Individual shareholders are a public company’s true owners,” said Peters.  “Shareholders should have a say on executive pay and the ability to recapture undeserved bonuses.  Shareholders should also have the power to ensure that companies are run soundly with their long-term interest in mind rather than having Wall Street traders gambling with people’s retirement accounts and other savings.”

Peters also successfully added an amendment to help ensure the bill does not overreach and hurt non-Wall Street businesses.  The original House and Senate bills contained an exemption on new derivatives regulations for companies who use derivatives in a legitimate way to hedge their exposure to fluctuating costs of energy or raw materials.  Peters’ amendment would extend this protection to manufacturers' captive finance companies if they are hedging an actual business risk associated with interest rate or currency fluctuations.  New regulations would have cost Ford and Ford Credit $2.5 billion over the next five years.  Peters’ amendment saves Ford and other manufacturers from taking a financial hit that affected their ability to create jobs.

Last year Peters authored the amendment that passed as part of the original House bill that would force giant Wall Street banks to pay back every penny of the bailout initiated in 2008, shortly before he became Oakland County’s newest representative.  Peters fought vehemently to have this provision included in the final bill but Senate negotiators voted to reject the provision.  Peters will continue to pursue other means for requiring Wall Street institutions to pay back taxpayers for any shortfall from the Troubled Asset Relief Program.

I will not stop fighting until Wall Street institutions pay back every penny of the taxpayer bailout,” Peters said.  “It is only fair that the people who created the mess are held accountable and give taxpayers their money back.  Common sense does not always prevail in Washington, but we can’t and won’t give up.”

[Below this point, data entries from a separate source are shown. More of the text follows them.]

lemma word_ball_finite: "finite (word_ball R)"
proof -
  have "word_ball R = (\<Union>k\<le>R. {g. (edge ^^ k) \<one> g})" by (auto simp: word_ball_def)
  then show ?thesis using sphere_finite by simp
qed

lemma word_ball_carrier: "word_ball R \<subseteq> carrier G"
proof
  fix g assume "g \<in> word_ball R"
  then obtain k where "(edge ^^ k) \<one> g" by (auto simp: word_ball_def)
  then show "g \<in> carrier G" by (cases k) (auto elim: relpowp_Suc_E dest: edge_carrier)
qed

lemma word_ball_connected:
  assumes "g \<in> word_ball R"
  shows "(induced (word_ball R) edge)\<^sup>*\<^sup>* \<one> g"
proof -
  have "(induced (word_ball R) edge)\<^sup>*\<^sup>* \<one> g" if "(edge ^^ k) \<one> g" "k \<le> R" for k g
    using that
  proof (induction k arbitrary: g)
    case 0
    then show ?case by simp
  next
    case (Suc k)
    then obtain y where y: "(edge ^^ k) \<one> y" "edge y g" by (auto elim: relpowp_Suc_E)
    have "y \<in> word_ball R"
      using y(1) Suc.prems(2) unfolding word_ball_def by (auto intro!: exI[of _ k])
    moreover have "g \<in> word_ball R"
      using relpowp_Suc_I[OF y] Suc.prems(2) unfolding word_ball_def by blast
    ultimately have "induced (word_ball R) edge y g" using y(2) by (simp add: induced_def)
    then show ?case using Suc.IH[OF y(1)] Suc.prems(2) by (simp add: rtranclp.rtrancl_into_rtrancl)
  qed
  then show ?thesis using assms by (auto simp: word_ball_def)
qed

lemma word_ball_neighbours: "{y. \<exists>b\<in>word_ball R. edge y b} \<subseteq> word_ball (Suc R)"
proof
  fix y assume "y \<in> {y. \<exists>b\<in>word_ball R. edge y b}"
  then obtain b k where "edge b y" "(edge ^^ k) \<one> b" "k \<le> R"
    using edge_symp by (auto simp: word_ball_def dest: sympD)
  then show "y \<in> word_ball (Suc R)" unfolding word_ball_def
    by (intro CollectI exI[of _ "Suc k"]) auto
qed

lemma word_ball_exhausts:
  assumes "finite A" and "A \<subseteq> carrier G"
  obtains R where "A \<subseteq> word_ball R"
proof -
  have "\<forall>a\<in>A. \<exists>k. (edge ^^ k) \<one> a"
  proof
    fix a assume "a \<in> A"
    then show "\<exists>k. (edge ^^ k) \<one> a"
      using assms(2) by (intro rtranclp_imp_relpowp walk_from_one) blast
  qed
  then obtain R where "\<forall>a\<in>A. \<exists>k\<le>R. (edge ^^ k) \<one> a"
    using finite_bound[OF assms(1), of "\<lambda>a k. (edge ^^ k) \<one> a"] by blast
  then have "A \<subseteq> word_ball R" unfolding word_ball_def by blast
  then show ?thesis by (rule that)
qed

lemma filled_set_exists:
  assumes "finite A" and "A \<subseteq> carrier G"
  obtains B where "finite B" "A \<subseteq> B" "B \<subseteq> carrier G" "\<one> \<in> B"
    "\<And>b. b \<in> B \<Longrightarrow> (induced B edge)\<^sup>*\<^sup>* \<one> b"
    "\<And>K. K \<subseteq> carrier G \<Longrightarrow> trap edge B K \<Longrightarrow> K = {}"
proof -
  obtain R where R: "A \<subseteq> word_ball R" using word_ball_exhausts[OF assms] .
  have one: "\<one> \<in> word_ball R" by (auto simp: word_ball_def intro: exI[of _ 0])
  have nbhd: "finite {y. \<exists>b\<in>word_ball R. edge y b}"
    using word_ball_neighbours word_ball_finite by (rule finite_subset)
  note fill = fill_traps[OF edge_symp walk_to_one word_ball_finite one word_ball_carrier
      word_ball_connected nbhd]
  show ?thesis
    by (rule that[OF fill(1) subset_trans[OF R fill(2)] fill(3) subsetD[OF fill(2) one] fill(4,5)])
qed

text \<open>Quotients b' b^-1 of elements of B, and their right translates by S and 1; injectivity
  of the quotient map on spread B is what the analysis of the quotient graph requires.\<close>

definition diffs :: "'a set \<Rightarrow> 'a set" where
  "diffs B = (\<lambda>(b, b'). b' \<otimes> inv b) ` (B \<times> B)"

definition spread :: "'a set \<Rightarrow> 'a set" where
  "spread B = (\<lambda>(d, s). d \<otimes> s) ` (diffs B \<times> insert \<one> S)"

lemma spread_finite: "finite B \<Longrightarrow> finite (spread B)"
  using gens_finite by (simp add: spread_def diffs_def)

lemma diffs_carrier: "B \<subseteq> carrier G \<Longrightarrow> diffs B \<subseteq> carrier G"
  by (auto simp: diffs_def)

lemma spread_carrier: "B \<subseteq> carrier G \<Longrightarrow> spread B \<subseteq> carrier G"
  using diffs_carrier[of B] gens_carrier by (auto simp: spread_def)

lemma diffs_times_gen_spread: "d \<in> diffs B \<Longrightarrow> s \<in> S \<Longrightarrow> d \<otimes> s \<in> spread B"
  by (force simp: spread_def)

lemma diffs_spread: "B \<subseteq> carrier G \<Longrightarrow> d \<in> diffs B \<Longrightarrow> d \<in> spread B"
  using diffs_carrier[of B] unfolding spread_def by (intro rev_image_eqI[of "(d, \<one>)"]) auto

lemma subset_diffs:
  assumes "\<one> \<in> B" and "B \<subseteq> carrier G"
  shows "B \<subseteq> diffs B"
proof
  fix b assume "b \<in> B"
  then have "b = b \<otimes> inv \<one>" using assms(2) by auto
  then show "b \<in> diffs B" unfolding diffs_def using \<open>b \<in> B\<close> assms(1) by force
qed

end

section \<open>The complement of B in a quotient Cayley graph\<close>

locale cayley_quotient = cayley_graph G S for G (structure) and S +
  fixes H :: "'a set" and B :: "'a set"
  assumes normal_H: "H \<lhd> G"
    and finite_index: "finite (rcosets H)"
    and B_finite: "finite B"
    and B_carrier: "B \<subseteq> carrier G"
    and one_in_B: "\<one> \<in> B"
    and B_connected: "\<And>b. b \<in> B \<Longrightarrow> (induced B edge)\<^sup>*\<^sup>* \<one> b"
    and B_no_trap: "\<And>K. K \<subseteq> carrier G \<Longrightarrow> trap edge B K \<Longrightarrow> K = {}"
    and spread_inj: "inj_on (\<lambda>g. g <# H) (spread B)"
begin

definition proj :: "'a \<Rightarrow> 'a set" where "proj g = g <# H"
definition V :: "'a set set" where "V = quot_vertices G H"
definition E :: "'a set \<Rightarrow> 'a set \<Rightarrow> bool" where "E = cayley_edge G H S"
definition W :: "'a set set" where "W = V - proj ` B"
definition conn :: "'a set \<Rightarrow> 'a set \<Rightarrow> bool" where "conn = (induced W E)\<^sup>*\<^sup>*"

lemma H_carrier: "H \<subseteq> carrier G"
  using normal_H normal_imp_subgroup subgroup.subset by blast

lemma proj_mult: "h \<in> carrier G \<Longrightarrow> g \<in> carrier G \<Longrightarrow> h <# proj g = proj (h \<otimes> g)"
  unfolding proj_def using lcos_m_assoc[OF H_carrier] by blast

lemma V_eq: "V = proj ` carrier G"
  by (simp add: V_def quot_vertices_def proj_def)

lemma V_finite: "finite V"
  unfolding V_def using finite_quot_vertices[OF normal_H finite_index] .

lemma E_iff: "E U U' \<longleftrightarrow> (\<exists>x y. edge x y \<and> U = proj x \<and> U' = proj y)"
proof
  assume "E U U'"
  then obtain g s where gs: "g \<in> carrier G" "s \<in> S"
    "(U = proj g \<and> U' = proj (g \<otimes> s)) \<or> (U' = proj g \<and> U = proj (g \<otimes> s))"
    by (auto simp: E_def cayley_edge_def proj_def)
  have "edge g (g \<otimes> s)" using gs by (auto simp: edge_def)
  then show "\<exists>x y. edge x y \<and> U = proj x \<and> U' = proj y"
    using gs(3) edge_symp by (blast dest: sympD)
next
  assume "\<exists>x y. edge x y \<and> U = proj x \<and> U' = proj y"
  then show "E U U'" by (auto simp: E_def cayley_edge_def proj_def edge_def)
qed

lemma E_proj: "edge x y \<Longrightarrow> E (proj x) (proj y)"
  by (auto simp: E_iff)

lemma E_symp: "symp E"
  using edge_symp by (auto simp: symp_def E_iff)

lemma E_in_V: "E U U' \<Longrightarrow> U' \<in> V"
  by (auto simp: E_iff V_eq dest: edge_carrier)

lemma E_translate:
  assumes "E U U'" and "h \<in> carrier G"
  shows "E (h <# U) (h <# U')"
proof -
  obtain x y where xy: "edge x y" "U = proj x" "U' = proj y" using assms(1) by (auto simp: E_iff)
  have "x \<in> carrier G" "y \<in> carrier G" using xy(1) edge_carrier edge_symp by (auto dest: sympD)
  then show ?thesis using xy assms(2) proj_mult E_proj[OF edge_translate] by simp
qed

lemma translate_V: "h \<in> carrier G \<Longrightarrow> Y \<in> V \<Longrightarrow> h <# Y \<in> V"
  unfolding V_eq using proj_mult by auto

lemma translate_cancel: "h \<in> carrier G \<Longrightarrow> Y \<in> V \<Longrightarrow> h <# (inv h <# Y) = Y"
  unfolding V_eq using proj_mult by (auto simp: m_assoc[symmetric])

lemma conn_sym: "conn U Z \<Longrightarrow> conn Z U"
  unfolding conn_def using induced_rtranclp_sym[OF E_symp] .

lemma conn_trans: "conn U Z \<Longrightarrow> conn Z Y \<Longrightarrow> conn U Y"
  unfolding conn_def by (rule rtranclp_trans)

lemma conn_W: "conn U Z \<Longrightarrow> U \<in> W \<Longrightarrow> Z \<in> W"
  unfolding conn_def by (rule induced_rtranclp_mem)

lemma conn_edge:
  assumes "conn U Z" and "U \<in> W" and "Y \<in> W" and "E Z Y"
  shows "conn U Y"
proof -
  have "induced W E Z Y" using assms conn_W by (simp add: induced_def)
  with assms(1) show ?thesis unfolding conn_def by (rule rtranclp.rtrancl_into_rtrancl)
qed

lemma walk_proj: "edge\<^sup>*\<^sup>* a b \<Longrightarrow> E\<^sup>*\<^sup>* (proj a) (proj b)"
  using rtranclp_map E_proj by metis

lemma component_meets_B:
  assumes "U \<in> W"
  shows "\<exists>Y b. conn U Y \<and> b \<in> B \<and> E Y (proj b)"
proof -
  obtain g where g: "g \<in> carrier G" "U = proj g" using assms by (auto simp: W_def V_eq)
  have "E\<^sup>*\<^sup>* U (proj \<one>)" using walk_proj[OF walk_to_one[OF g(1)]] g(2) by simp
  moreover have "proj \<one> \<notin> W" using one_in_B by (simp add: W_def)
  ultimately obtain Y Y' where Y: "conn U Y" "Y \<in> W" "E Y Y'" "Y' \<notin> W"
    using exit_path[of E U "proj \<one>" W] assms unfolding conn_def by blast
  then have "Y' \<in> proj ` B" using E_in_V by (auto simp: W_def)
  then show ?thesis using Y by blast
qed

lemma component_finite: "finite {Z. conn U Z}" if "U \<in> W"
proof -
  have "{Z. conn U Z} \<subseteq> V" using conn_W[OF _ that] by (auto simp: W_def)
  then show ?thesis using V_finite finite_subset by blast
qed

definition far :: "'a \<Rightarrow> bool" where
  "far h \<longleftrightarrow> h \<in> carrier G \<and> (\<forall>b\<in>B. proj (h \<otimes> b) \<notin> proj ` B)"

lemma far_W: "far h \<Longrightarrow> b \<in> B \<Longrightarrow> proj (h \<otimes> b) \<in> W"
  using B_carrier by (auto simp: far_def W_def V_eq)

lemma far_W_one: "far h \<Longrightarrow> proj h \<in> W"
  using far_W[OF _ one_in_B] by (simp add: far_def)

lemma far_inv:
  assumes "far h"
  shows "far (inv h)"
proof -
  have h: "h \<in> carrier G" using assms by (simp add: far_def)
  have "proj (inv h \<otimes> b) \<noteq> proj b'" if "b \<in> B" "b' \<in> B" for b b'
  proof
    assume "proj (inv h \<otimes> b) = proj b'"
    then have "h <# proj (inv h \<otimes> b) = h <# proj b'" by simp
    moreover have "h <# proj (inv h \<otimes> b) = proj b"
      using h that(1) B_carrier by (simp add: proj_mult subsetD m_assoc[symmetric])
    moreover have "h <# proj b' = proj (h \<otimes> b')"
      using h that(2) B_carrier by (simp add: proj_mult subsetD)
    ultimately have "proj b = proj (h \<otimes> b')" by simp
    then show False using assms that by (auto simp: far_def)
  qed
  then show ?thesis using h by (auto simp: far_def)
qed

lemma far_conn:
  assumes "far h" and "b \<in> B"
  shows "conn (proj h) (proj (h \<otimes> b))"
proof -
  have h: "h \<in> carrier G" using assms(1) by (simp add: far_def)
  have "conn (proj (h \<otimes> \<one>)) (proj (h \<otimes> b))" unfolding conn_def
  proof (rule rtranclp_map[OF B_connected[OF assms(2)]])
    fix x y assume "induced B edge x y"
    then show "induced W E (proj (h \<otimes> x)) (proj (h \<otimes> y))"
      using far_W[OF assms(1)] E_proj[OF edge_translate[OF _ h]] by (simp add: induced_def)
  qed
  then show ?thesis using h by simp
qed

lemma translate_outside:
  assumes "far h" and "Y \<in> W" and "\<not> conn (proj h) Y"
  shows "inv h <# Y \<in> W"
proof -
  have h: "h \<in> carrier G" using assms(1) by (simp add: far_def)
  have Y: "Y \<in> V" using assms(2) by (simp add: W_def)
  have "inv h <# Y \<notin> proj ` B"
  proof
    assume "inv h <# Y \<in> proj ` B"
    then obtain b where b: "b \<in> B" "inv h <# Y = proj b" by blast
    have "Y = h <# (inv h <# Y)" using translate_cancel[OF h Y] by simp
    also have "\<dots> = proj (h \<otimes> b)" using b h B_carrier by (simp add: proj_mult subsetD)
    finally show False using far_conn[OF assms(1) b(1)] assms(3) by simp
  qed
  moreover have "inv h <# Y \<in> V" using translate_V[OF inv_closed[OF h] Y] .
  ultimately show ?thesis by (simp add: W_def)
qed

lemma translate_component:
  assumes "far h" and "U \<in> W" and "\<not> conn (proj h) U" and "conn U Z"
  shows "conn (inv h <# U) (inv h <# Z)"
proof -
  have h: "inv h \<in> carrier G" using assms(1) by (simp add: far_def)
  have "(induced {Y. conn U Y} E)\<^sup>*\<^sup>* U Z"
    using induced_component[of W E U Z] assms(4) unfolding conn_def by simp
  then have "(induced W E)\<^sup>*\<^sup>* (inv h <# U) (inv h <# Z)"
  proof (rule rtranclp_map[where f = "\<lambda>Y. inv h <# Y"])
    fix A A' assume AA': "induced {Y. conn U Y} E A A'"
    have "A \<in> W \<and> \<not> conn (proj h) A" if "conn U A" for A
      using that conn_W[OF that assms(2)] assms(3) conn_sym conn_trans by blast
    then show "induced W E (inv h <# A) (inv h <# A')"
      using AA' translate_outside[OF assms(1)] E_translate[OF _ h] by (simp add: induced_def)
  qed
  then show ?thesis by (simp add: conn_def)
qed

text \<open>If translation by a far h maps some component into the component of U, then U is
  connected to proj h: the translated component is adjacent to proj (h B).\<close>

lemma absorb:
  assumes "far h" and "U \<in> W" and "U' \<in> W" and "\<And>Y. conn U' Y \<Longrightarrow> conn U (h <# Y)"
  shows "conn (proj h) U"
proof -
  have h: "h \<in> carrier G" using assms(1) by (simp add: far_def)
  obtain Y b where Y: "conn U' Y" "b \<in> B" "E Y (proj b)"
    using component_meets_B[OF assms(3)] by blast
  have hb: "h <# proj b = proj (h \<otimes> b)" using Y(2) h B_carrier by (simp add: proj_mult subsetD)
  have "conn U (proj (h \<otimes> b))"
    using conn_edge[OF assms(4)[OF Y(1)] assms(2) far_W[OF assms(1) Y(2)]]
      E_translate[OF Y(3) h] hb
    by simp
  then show ?thesis using far_conn[OF assms(1) Y(2)] conn_sym conn_trans by blast
qed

The final Wall Street reform legislation to be voted on today would:

  • Create tough protections for the economy against the reckless investments on Wall Street and rein in the casino-style investments that led to 2008 financial meltdown, including new rules for derivatives and mortgage-backed securities;
  • Stop all future taxpayer bailouts by responsibly shutting down—rather than bailing out—giant financial institutions in a structured way so they do not impact the broader economy, and force the financial sector to pay for this dissolution of troubled firms;
  • Empower shareholders, a company’s true owners, to have more say in how their company is run (including having input on pay and bonuses, more power in corporate board elections and the ability to help rein in reckless investing);
  • Develop tough new protections for consumers using financial products such as a car loan, student loan or mortgage, including cracking down on the predatory mortgage lending that helped create the housing bubble.  This section also cracks down on individuals who attempt to fraudulently obtain mortgages they can’t afford.

The bill has been called the “strongest set of Wall Street reforms in three generations” by Elizabeth Warren, Chair of the nonpartisan Congressional Oversight Panel, and has been endorsed by the AARP, Consumer Federation of America, Consumers Union, Council of Institutional Investors, National Fair Housing Alliance, National Restaurant Association, Public Citizen, SEIU, and US PIRG, among other organizations. The bill was publicly debated for more than 50 hours, and includes over 70 Republican and bipartisan amendments.